So the word of the Lord has been spoken to a perfect, innocent, righteous man. God gave his word in a command. Now what does the command require? It requires a response. And there are two ways you can respond to a command. One is obedience, and the other is disobedience. Only two options; you either obey or you disobey. So Adam here is placed in the midst of the garden, and he us put under command. Now Adam has a free will to choose, and he has two possibilities. To obey, or to disobey. Now let’s move down to chapter 3. Chapter 3 is the story of the fall of mankind.

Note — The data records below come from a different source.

lemma exp_mult_normal_cdf_minus_le:
  fixes a d :: real
  assumes "a \<ge> 0"
  shows "exp (a * d - a\<^sup>2 / 2) * normal_cdf (- d) \<le> normal_cdf (a - d)"
proof -
  have "exp (a * d - a\<^sup>2 / 2) * (sqrt (2 * pi) * normal_cdf (- d)) \<le> sqrt (2 * pi) * normal_cdf (a - d)"
  proof (rule has_bochner_integral_mono)
    show "has_bochner_integral lborel
        (\<lambda>y. exp (a * d - a\<^sup>2 / 2) * (indicator {d<..} y * exp (- ((0 - y)\<^sup>2) / (2 * 1\<^sup>2))))
        (exp (a * d - a\<^sup>2 / 2) * (sqrt (2 * pi) * normal_cdf (- d)))"
      using has_bochner_integral_gaussian_tail[of 1 d 0] by (auto intro: has_bochner_integral_mult_right)
    show "has_bochner_integral lborel (\<lambda>y. indicator {d<..} y * exp (- ((a - y)\<^sup>2) / (2 * 1\<^sup>2)))
        (sqrt (2 * pi) * normal_cdf (a - d))"
      using has_bochner_integral_gaussian_tail[of 1 d a] by simp
    fix y :: real
    have "d < y \<Longrightarrow> a * d - a\<^sup>2 / 2 + - ((0 - y)\<^sup>2) / 2 \<le> - ((a - y)\<^sup>2) / 2"
      using mult_left_mono[of d y a] assms by (simp add: power2_eq_square algebra_simps)
    then show "exp (a * d - a\<^sup>2 / 2) * (indicator {d<..} y * exp (- ((0 - y)\<^sup>2) / (2 * 1\<^sup>2)))
        \<le> indicator {d<..} y * exp (- ((a - y)\<^sup>2) / (2 * 1\<^sup>2))"
      by (auto simp: indicator_def mult_exp_exp)
  qed
  then show ?thesis
    by (simp add: mult.left_commute)
qed

subsection \<open>Piecewise affine functions on a grid\<close>

definition piecewise_affine ::
    "(nat \<Rightarrow> real) \<Rightarrow> nat \<Rightarrow> (nat \<Rightarrow> real) \<Rightarrow> (nat \<Rightarrow> real) \<Rightarrow> real \<Rightarrow> real \<Rightarrow> real \<Rightarrow> real" where
  "piecewise_affine G M p q p' q' u =
     (\<Sum>i=1..M. if G (i - 1) < u \<and> u \<le> G i then p i * u + q i else 0)
     + (if G M < u then p' * u + q' else 0)"

lemma grid_interval_exists:
  fixes G :: "nat \<Rightarrow> real"
  assumes "G 0 < u" "u \<le> G M"
  obtains k where "k \<in> {1..M}" "G (k - 1) < u" "u \<le> G k"
  using assms
proof (induction M arbitrary: thesis)
  case 0
  then show ?case by simp
next
  case (Suc M)
  show ?case
  proof (cases "u \<le> G M")
    case True
    then show ?thesis
      using Suc.IH[of thesis] Suc.prems by force
  next
    case False
    then show ?thesis
      using Suc.prems(1)[of "Suc M"] Suc.prems(3) by simp
  qed
qed

lemma grid_position_cases:
  fixes G :: "nat \<Rightarrow> real"
  obtains "u \<le> G 0" | k where "k \<in> {1..M}" "G (k - 1) < u" "u \<le> G k" | "G M < u"
  by (metis grid_interval_exists not_le)

context
  fixes G :: "nat \<Rightarrow> real"
  assumes mono_G: "mono G"
begin

lemma piecewise_affine_below:
  assumes "u \<le> G 0"
  shows "piecewise_affine G M p q p' q' u = 0"
proof -
  have "\<not> G i < u" for i
    using assms monoD[OF mono_G, of 0 i] by simp
  then show ?thesis
    by (simp add: piecewise_affine_def)
qed

lemma piecewise_affine_above:
  assumes "G M < u"
  shows "piecewise_affine G M p q p' q' u = p' * u + q'"
proof -
  have "\<not> u \<le> G i" if "i \<le> M" for i
    using assms monoD[OF mono_G that] by simp
  then show ?thesis
    using assms by (simp add: piecewise_affine_def)
qed

lemma piecewise_affine_on_interval:
  assumes k: "k \<in> {1..M}" "G (k - 1) < u" "u \<le> G k"
  shows "piecewise_affine G M p q p' q' u = p k * u + q k"
proof -
  have "G (i - 1) < u \<and> u \<le> G i \<longleftrightarrow> i = k" if "i \<in> {1..M}" for i
  proof
    assume i: "G (i - 1) < u \<and> u \<le> G i"
    show "i = k"
    proof (rule ccontr)
      assume "i \<noteq> k"
      then have "i \<le> k - 1 \<or> k \<le> i - 1"
        using that k(1) by auto
      then show False
        using monoD[OF mono_G, of i "k - 1"] monoD[OF mono_G, of k "i - 1"] i k by auto
    qed
  qed (use k in simp)
  moreover have "\<not> G M < u"
    using monoD[OF mono_G, of k M] k by auto
  ultimately have "piecewise_affine G M p q p' q' u = (\<Sum>i=1..M. if i = k then p i * u + q i else 0)"
    unfolding piecewise_affine_def by (auto intro!: sum.cong)
  also have "\<dots> = p k * u + q k"
    using k(1) by simp
  finally show ?thesis .
qed

end

subsection \<open>The pre-dividend option value\<close>

context
  fixes K D \<sigma> r T \<tau> :: real
  assumes K_pos: "K > 0" and \<sigma>_pos: "\<sigma> > 0" and \<tau>_less_T: "\<tau> < T"
begin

Adam is the representative of mankind, and we read the story there, particularly of the words the serpent suggests to Eve. And through Eve to Adam and the decision that is made there determines the history of the race. We will just summarize some of these thoughts here. The serpent is found in the midst of the garden in the only place the serpent can be. The only place man could be tempted is upon the point where God gives him the choice to either obey or disobey. And that place where man can choose, that is where the temptation or the tempter is found. And we know Eve wanders away from Adam, she comes to the tree and the tempter begins to now tempt through subtlety, through engaging her in dialogue. But there is something more subtle here that takes place before Eve ever commits the sin of touching the fruit. There was the command of God, which was really the command that determined either their eternal life or their eternal death. The command was not to touch because you will surely die. So Eve finds herself in this place where the tempter now begins to speak to her and he makes here a suggestion to Eve. A suggestion that asks her to do something. What does the serpent ask her to do? And I’m not talking about taking the fruit. He asked her to do something that happens in the realm of the mind. He asks a question, and he wasn’t questioning anything else except for what God had commanded Adam. He asks, is what God said truly a fact? Is what God has commanded Adam really going to happen? Does God really mean what he says? Does what God says happen? Because remember, what God said would happen is that he would die. Satan suggests to Eve here the possibility of believing another option, taking the second road. But the suggestion was not for Eve to disobey God; it’s not suggested in that form. The insinuation, the proposal he is putting to Eve is, could it be possible that God is not true in what he said? The suggestion here to Eve is to disbelieve.
Now up to this point, what had Adam and Eve believed about what God had said? They had believed without questioning, that it was absolutely true. The suggestion to disbelieve God was only just a suggestion. But what was that suggestion inviting them to do? To go from believing what God says to be absolutely true, into a position where they now questioned or doubted or disbelieved what God has said to be true. The whole issue of the fall is based upon believing what God said. Is it true or is it not true?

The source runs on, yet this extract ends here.